Sunday, March 17 Anthropomorphic Insect Shadowbox Class: Easter/Spring Equinox Edition, part of The Morbid Anatomy Art Academy. The Academy offers a fascinating series of classes that reflect an interest in taxidermy, animal and insect anatomy, fine art techniques and arcane subjects. This 3-hour workshop will have you working with Rhinoceros beetles (thankfully they are provided), to make a shadowbox diorama. The class is taught by a former insect preparator from the American Museum of Natural History, and may cause you to see nature’s tiny giants in a whole new way. At Observatory, Gowanus. 1pm-4pm.

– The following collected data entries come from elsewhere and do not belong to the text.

(* Let $(G,J)$ be a non-abelian complex Lie group with Lie algebra $(\mathfrak g,\mu)$. If $(G,J)$ admits a left-invariant static metric, then $\mu(\mathfrak g,\mathfrak g)=\mathfrak g$. In particular, if $G$ is (non-abelian and) solvable, it admits no left-invariant static metric.
   Context: A complex Lie group $(G,J)$ is a real Lie group with bi-invariant complex structure $J$; $\mathfrak g^{1,0}=\{X\in\mathfrak g\otimes\mathbb C:JX=iX\}$. For a left-invariant Hermitian metric $g$ the torsion-twisted Chern–Ricci tensor is given, for a left-invariant holomorphic frame $Z_1,\dots,Z_n$ of $\mathfrak g^{1,0}$, by $\Theta(g)(Z_i,\bar Z_j)=\tfrac12 g^{k\bar l}g^{r\bar s}\,g(Z_i,\mu(\bar Z_l,\bar Z_s))\,g(\mu(Z_k,Z_r),\bar Z_j)$ (summation convention, $g$ extended complex-bilinearly). A Hermitian metric $g$ is static (for the positive Hermitian curvature flow) if $\Theta(g)=\lambda g$ for some $\lambda\in\mathbb R$. *)

theory Defs
  imports "HOL-Analysis.Analysis"
begin

text \<open>
  The holomorphic tangent space g^{1,0} of the complex Lie group (G,J) is identified
  with complex^'n via a left-invariant holomorphic frame Z_1..Z_n (Z_i = axis i 1).
  Because J is bi-invariant, g^{1,0} is a complex Lie subalgebra of g (x) C, isomorphic to the
  complex Lie algebra (g,J). Its bracket is given by structure constants
  mu(Z_i,Z_j) = c i j, extended complex-bilinearly.
\<close>

definition lie_br :: "('n::finite \<Rightarrow> 'n \<Rightarrow> complex^'n) \<Rightarrow> complex^'n \<Rightarrow> complex^'n \<Rightarrow> complex^'n" where
  "lie_br c x y = (\<Sum>i\<in>UNIV. \<Sum>j\<in>UNIV. (x$i * y$j) *s c i j)"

Monday, March 18 The Future of 3D Manufacturing—Brooklyn Style: an evening of panel discussions and demonstrations hosted by Brooklyn Futurist Meetup. This energetic, well-attended Meetup will be joined by Brooklyn Tech and Volumetric Society Meetups for a lively session with all-star 3D enthusiasts. Robert Steiner, from MakerBot will speak and demonstrate a MakerBot. D-Shape, Shapeways and Make editor Brian Jepson are among other participants. The event is wait-listed, but you can attend by following the instructions on the site. At Brooklyn Law School, Moot Court Room, Downtown Brooklyn. 7pm-9:30pm.
Sunday, April 28 Lettering class at L’Ecole Des Beaux Arts. Classes at LDBA fill up and sell out almost immediately, so consider this a heads up if you’re interested in attending any future sessions. This 90 minute class, for 6 students only, will provide instruction and materials to learn classic hand-rendered lettering and font techniques to produce cards and envelopes. LDBA is a hardware, housewares and artist supply store and site founded by artist Sara Moffat. “We provide tools, techniques and materials to allow people to excel in their medium,” says Sara. Other unique classes are offered for all age groups, and include Knot Tying (a hot topic, apparently), Make Your Own Bow and Arrows, Picasso and Kandinsky Study for ages 5 and up, and all seem to fill up right away. Williamsburg.
A post-Sandy update
Monday, March 18 Nathan’s Coney Island location on the Boardwalk is scheduled to reopen. And next weekend, as part of Coney Island’s opening weekend celebrations, the first qualifier round of the 2013 July 4th Hot Dog Eating Contest will be held. There’s nothing slow-food or artisan about these dogs, but what’s better than enjoying one by the Atlantic’s surf? Nathan’s main location on Surf Avenue is still being repaired and will reopen Memorial Day Weekend.